Easy RAG: the easiest way to get started with Retrieval Augmented Generation

The Quarkus LangChain4j project provides a separate extension named quarkus-langchain4j-easy-rag which provides an extremely easy way to get a RAG pipeline up and running. After adding this extension to your application, all that is needed to ingest documents into an embedding store is to add a dependency that provides an embedding model, and provide a single configuration property, quarkus.langchain4j.easy-rag.path, which denotes a path in the local filesystem where your documents are stored. On startup, Quarkus will automatically scan all files in the directory and ingest them into an in-memory embedding store.

Apache Tika, a library for parsing various file formats, is used under the hood, so your documents can be in any of its supported formats (plain text, PDF, DOCX, HTML, etc), including images with text, which will be parsed using OCR (OCR requires to have the Tesseract library installed in your system - see https://cwiki.apache.org/confluence/display/TIKA/TikaOCR).

You also don’t even need to add a persistent embedding store - the quarkus-langchain4j-easy-rag extension will automatically register a simple in-memory store for you if no other store is detected.
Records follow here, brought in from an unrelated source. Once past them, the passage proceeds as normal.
(* Let $n=2^s$, $q=2^r$ ($s,r$ positive integers). The dual code $C^{\perp}(SL(n,q))$ of the binary code $C(SL(n,q))$ is \[ C^{\perp}(SL(n,q))=\{c(a)=(tr(a\,Tr(g_1)),tr(a\,Tr(g_2)),\dots,tr(a\,Tr(g_N))) : a\in\mathbb{F}_q\}. \]
   Context: $\mathbb{F}_q$ is the field with $q$ elements and $tr:\mathbb{F}_q\to\mathbb{F}_2$ the absolute trace. $N=|SL(n,q)|$, $g_1,\dots,g_N$ is a fixed ordering of $SL(n,q)$, $Tr$ is the matrix trace, $v=(Tr(g_1),\dots,Tr(g_N))\in\mathbb{F}_q^N$, and $C(SL(n,q))=\{u\in\mathbb{F}_2^N: u\cdot v=0\}$ (dot product in $\mathbb{F}_q$); the dual is taken in $\mathbb{F}_2^N$ with respect to the standard inner product. *)

theory Defs
  imports "HOL-Analysis.Analysis" "HOL-Library.Z2"
begin

definition bit_emb :: "bit \<Rightarrow> 'a::field" where
  "bit_emb b = (if b = 1 then 1 else 0)"

definition abs_tr :: "nat \<Rightarrow> 'a::field \<Rightarrow> bit" where
  "abs_tr r x = (THE b. bit_emb b = (\<Sum>i<r. x ^ (2 ^ i)))"

definition SL :: "('a::field ^'n::finite^'n) set" where
  "SL = {A. det A = 1}"

text \<open>Binary words indexed by the elements of SL(n,q) (i.e. F_2^N): functions vanishing off SL.\<close>
definition words :: "(('a::field ^'n::finite^'n) \<Rightarrow> bit) set" where
  "words = {u. \<forall>g. g \<notin> SL \<longrightarrow> u g = 0}"

text \<open>C(SL(n,q)) = {u in F_2^N : u . v = 0}, dot product computed in F_q, v = (Tr g)_g.\<close>
definition code_SL :: "(('a::field ^'n::finite^'n) \<Rightarrow> bit) set" where
  "code_SL = {u \<in> words. (\<Sum>g\<in>SL. bit_emb (u g) * trace g) = (0::'a)}"

definition dual_code :: "(('a::field ^'n::finite^'n) \<Rightarrow> bit) set \<Rightarrow> (('a ^'n^'n) \<Rightarrow> bit) set" where
  "dual_code C = {w \<in> words. \<forall>u\<in>C. (\<Sum>g\<in>SL. u g * w g) = 0}"

definition trace_word :: "nat \<Rightarrow> 'a::field \<Rightarrow> (('a ^'n::finite^'n) \<Rightarrow> bit)" where
  "trace_word r a = (\<lambda>g. if g \<in> SL then abs_tr r (a * trace g) else 0)"

end

theory Submission
  imports Defs "HOL-Number_Theory.Residues" "HOL-Computational_Algebra.Polynomial"
begin
(* Let $\Sigma$ be an infinite alphabet and let $\mathcal{A}_1$, $\mathcal{A}_2$ be guarded variable automata (GVAs) over $\Sigma$. Then there exist GVAs over $\Sigma$ recognizing, respectively, the concatenation $L(\mathcal{A}_1)\cdot L(\mathcal{A}_2)$, the Kleene closure $L(\mathcal{A}_1)^{\star}$, and the intersection $L(\mathcal{A}_1)\cap L(\mathcal{A}_2)$. That is, the class of GVA-recognizable languages is closed under concatenation, Kleene star and intersection.
   Context: Fix an infinite alphabet $\Sigma$. A guard over a set of variables $\mathcal{X}$ (disjoint from $\Sigma$) is built by the grammar $g ::= \mathit{true} \mid \alpha=\beta \mid \alpha\neq\beta \mid g\wedge g$ with $\alpha,\beta\in\Sigma\cup\mathcal{X}$. A GVA is a tuple $\mathcal{A}=\langle\Sigma,\mathcal{X},Q,Q_0,\delta,F,\kappa\rangle$ where $\mathcal{X}$ is a finite set of variables, $Q$ a finite set of states, $Q_0\subseteq Q$ the initial states, $F\subseteq Q$ the accepting states, $\delta$ a finite set of transitions $q\xrightarrow{\alpha,g}q'$ with $q,q'\in Q$, $\alpha\in\Sigma\cup\mathcal{X}\cup\{\varepsilon\}$ and $g$ a guard, and $\kappa:\mathcal{X}\to 2^{Q}$ the refreshing function ($\kappa(x)$ is the set of states in which $x$ is freed). The finite set $\Sigma_{\mathcal{A}}$ of letters occurring in $\delta$ are the constants of $\mathcal{A}$. A configuration is a pair $(\sigma,q)$ with $q\in Q$ and $\sigma$ a partial map $\mathcal{X}\to\Sigma$ (the currently bound variables). There is a step $(\sigma,q)\xrightarrow{a}(\sigma',q')$, $a\in\Sigma\cup\{\varepsilon\}$, if there is a transition $q\xrightarrow{\alpha,g}q'$ and a map $\gamma$ from the variables occurring in $\alpha$ or $g$ that are not in $\mathrm{dom}(\sigma)$ to $\Sigma$ such that, with $\rho=\sigma\uplus\gamma$ (extended to be the identity on letters), $\rho$ satisfies $g$, $a=\rho(\alpha)$ if $\alpha\neq\varepsilon$ and $a=\varepsilon$ if $\alpha=\varepsilon$, and $\sigma'$ is the restriction of $\rho$ to $\{x\in\mathrm{dom}(\rho) : q'\notin\kappa(x)\}$. A word $w\in\Sigma^{\star}$ is accepted if there is a sequence of steps from $(\emptyset,q_0)$ with $q_0\in Q_0$ to some $(\sigma,q_f)$ with $q_f\in F$ whose labels concatenate to $w$; $L(\mathcal{A})$ is the set of accepted words. *)

theory Defs
  imports Main
begin

text \<open>Guarded variable automata (GVA). Letters of type 'a (the alphabet Sigma = UNIV :: 'a set),
  variables of type 'x, states of type 'q.\<close>

datatype ('a, 'x) sym = Let 'a | Var 'x

datatype ('a, 'x) guard =
    GTrue
  | GEq "('a, 'x) sym" "('a, 'x) sym"
  | GNeq "('a, 'x) sym" "('a, 'x) sym"
  | GAnd "('a, 'x) guard" "('a, 'x) guard"

fun sym_vars :: "('a, 'x) sym \<Rightarrow> 'x set" where
  "sym_vars (Let a) = {}"
| "sym_vars (Var x) = {x}"

fun guard_vars :: "('a, 'x) guard \<Rightarrow> 'x set" where
  "guard_vars GTrue = {}"
| "guard_vars (GEq s t) = sym_vars s \<union> sym_vars t"
| "guard_vars (GNeq s t) = sym_vars s \<union> sym_vars t"
| "guard_vars (GAnd g h) = guard_vars g \<union> guard_vars h"

text \<open>Transition label: None = epsilon, Some s = letter or variable.\<close>
definition lab_vars :: "('a, 'x) sym option \<Rightarrow> 'x set" where
  "lab_vars l = (case l of None \<Rightarrow> {} | Some s \<Rightarrow> sym_vars s)"
definition smooth_on :: "'a::real_normed_vector set \<Rightarrow> ('a \<Rightarrow> 'b::real_normed_vector) \<Rightarrow> bool" where
  "smooth_on U g \<longleftrightarrow> (\<forall>n. Ck_on n U g)"

text \<open>Complex eigenvalues of a real linear map L of R^2 (given as a function
  on real*real), i.e. of its matrix with columns L(1,0) and L(0,1).\<close>
definition lin_eigenvalues :: "(real \<times> real \<Rightarrow> real \<times> real) \<Rightarrow> complex set" where
  "lin_eigenvalues L = {\<mu>. \<exists>v1 v2. (v1, v2) \<noteq> (0, 0) \<and>
      complex_of_real (fst (L (1,0))) * v1 + complex_of_real (fst (L (0,1))) * v2 = \<mu> * v1 \<and>
      complex_of_real (snd (L (1,0))) * v1 + complex_of_real (snd (L (0,1))) * v2 = \<mu> * v2}"

definition hyperbolic_zero :: "(real \<times> real \<Rightarrow> real \<times> real) \<Rightarrow> real \<times> real \<Rightarrow> bool" where
  "hyperbolic_zero X p \<longleftrightarrow> X p = (0, 0) \<and> X differentiable (at p) \<and>
     (\<forall>\<mu>\<in>lin_eigenvalues (frechet_derivative X (at p)). Re \<mu> \<noteq> 0)"

definition liouville_field :: "(real \<Rightarrow> real) \<Rightarrow> real \<times> real \<Rightarrow> real \<times> real" where
  "liouville_field f p = (- fst p * deriv f (snd p), f (snd p))"

end

theory Submission
  imports Defs
begin

text \<open>The field \<open>X\<close> is the cotangent lift of the field \<open>f(y) d/dy\<close> on the line, and its
  linearization at the origin is \<open>diag(-a, a)\<close>. To normalize \<open>X\<close> it therefore suffices to
  linearize \<open>f(y) d/dy\<close>: find a local coordinate \<open>g\<close> with \<open>g(0) = 0\<close>, \<open>g' \<noteq> 0\<close> and
  \<open>g' f = a g\<close>. The cotangent lift \<open>(x, y) \<mapsto> (x / g'(y), g(y))\<close> of \<open>g\<close> preserves \<open>x dy\<close>, its
  inverse is the cotangent lift of \<open>g\<^sup>-\<^sup>1\<close>, and it carries \<open>X\<close> to the cotangent lift of
  \<open>a y d/dy\<close>, which is \<open>-a x d/dx + a y d/dy\<close>. Such a \<open>g\<close> is \<open>y exp K\<close> with \<open>K\<close> an
  antiderivative of \<open>a/f - 1/y\<close>; this function is smooth at \<open>0\<close> by Hadamard's lemma.\<close>

section \<open>Smoothness\<close>

lemma Ck_on_cong:
  assumes "open U"
  shows "Ck_on n U f \<Longrightarrow> (\<And>x. x \<in> U \<Longrightarrow> f x = g x) \<Longrightarrow> Ck_on n U g"
proof (induction n arbitrary: f g)
  case 0
  then show ?case using continuous_on_cong by force
next
  case (Suc n)
  have dg: "(g has_derivative frechet_derivative f (at x)) (at x)" if "x \<in> U" for x
    using Suc.prems that assms frechet_derivative_works
    by (metis Ck_on.simps(2) has_derivative_transform_within_open)
  then have "frechet_derivative g (at x) = frechet_derivative f (at x)" if "x \<in> U" for x
    using frechet_derivative_at[OF dg[OF that]] by simp
  then have "Ck_on n U (\<lambda>x. frechet_derivative g (at x) v)" for v
    using Suc.IH[of "\<lambda>x. frechet_derivative f (at x) v"] Suc.prems by auto
  then show ?case
    using dg by (auto simp: differentiable_def)
qed

lemma smooth_on_cong: "open U \<Longrightarrow> smooth_on U f \<Longrightarrow> (\<And>x. x \<in> U \<Longrightarrow> f x = g x) \<Longrightarrow> smooth_on U g"
  unfolding smooth_on_def using Ck_on_cong by blast

lemma Ck_on_Pair:
  assumes "open U"
  shows "Ck_on n U f \<Longrightarrow> Ck_on n U g \<Longrightarrow> Ck_on n U (\<lambda>x. (f x, g x))"
proof (induction n arbitrary: f g)
  case 0
  then show ?case by (auto intro: continuous_on_Pair)
next
  case (Suc n)
  have d: "((\<lambda>x. (f x, g x)) has_derivative
      (\<lambda>v. (frechet_derivative f (at x) v, frechet_derivative g (at x) v))) (at x)"
    if "x \<in> U" for x
    using Suc.prems that by (auto simp: frechet_derivative_works intro: has_derivative_Pair)
  have "Ck_on n U (\<lambda>x. frechet_derivative (\<lambda>x. (f x, g x)) (at x) v)" for v
  proof (rule Ck_on_cong[OF assms])
    show "Ck_on n U (\<lambda>x. (frechet_derivative f (at x) v, frechet_derivative g (at x) v))"
      using Suc.IH Suc.prems by auto
  qed (simp add: frechet_derivative_at[OF d, symmetric])
  then show ?case using d by (auto simp: differentiable_def)
qed

fun nth_differentiable_on :: "nat \<Rightarrow> real set \<Rightarrow> (real \<Rightarrow> real) \<Rightarrow> bool" where
  "nth_differentiable_on 0 U f = True"
| "nth_differentiable_on (Suc n) U f \<longleftrightarrow>
     (\<forall>x\<in>U. f differentiable (at x)) \<and> nth_differentiable_on n U (deriv f)"

definition real_smooth_on :: "real set \<Rightarrow> (real \<Rightarrow> real) \<Rightarrow> bool" where
  "real_smooth_on U f \<longleftrightarrow> (\<forall>n. nth_differentiable_on n U f)"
You also don’t have to provide an implementation of RetrievalAugmentor, a basic default instance will be generated for you and wired to the in-memory store.

An in-memory embedding store is OK for very simple use cases and getting started quickly, but is extremely limited in terms of scalability, and the data in it is not stored persistently. When using Easy RAG, it is still possible to use a persistent embedding store, such as Redis, by adding the relevant extension (like quarkus-langchain4j-redis) to your application.

You have to add an extension that provides an embedding model. For that, you can choose from the plethora of extensions like quarkus-langchain4j-openai, quarkus-langchain4j-ollama, or import an in-process embedding model - these have the advantage of not having to send data over the wire.

If you add two or more artifacts that provide embedding models, Quarkus will ask you to choose one of them using the quarkus.langchain4j.embedding-model.provider property.

Getting started with a ready-to-use example

To see Easy RAG in action, use the project samples/chatbot-easy-rag in the quarkus-langchain4j repository. Simply clone the repository, navigate to samples/chatbot-easy-rag, declare the QUARKUS_LANGCHAIN4J_OPENAI_API_KEY environment variable containing your OpenAI API key and then start the project using mvn quarkus:dev. When the application starts, navigate to localhost:8080 and ask any questions that the bot can answer (look into the files in samples/chatbot-easy-rag/src/main/resources/documents to see what documents the bot has ingested). For example, ask:

What are the benefits of a standard savings account?

This application contains an HTML+JavaScript based UI. But with Quarkus dev mode, it is possible to try out RAG even without having to write a frontend. If the application is in dev mode, simply open the Dev UI (http://localhost:8080/q/dev-ui) and click the 'Chat' button inside the LangChain4j card. A built-in UI for chatting will appear, and it will make use of the RAG pipeline created by the Easy RAG extension. More information about Dev UI features is on the Dev UI page.

To control the parameters of the document splitter that ingests documents at startup, use the following properties:

quarkus.langchain4j.easy-rag.max-segment-size: The maximum length of a single document, in tokens. Default is 300.
quarkus.langchain4j.easy-rag.max-overlap-size: The overlap between adjacent documents. Default is 30.

To control the number of retrieved documents, use quarkus.langchain4j.easy-rag.max-results. The default is 5.

To control the path matcher denoting which files to ingest, use quarkus.langchain4j.easy-rag.path-matcher. The default is glob:**, meaning all files recursively.

For finer-grained control of the Apache Tika parsers (for example, to turn off OCR capabilities), you can use a regular XML config file recognized by Tika (see Tika documentation), and specify -Dtika.config to point at the file.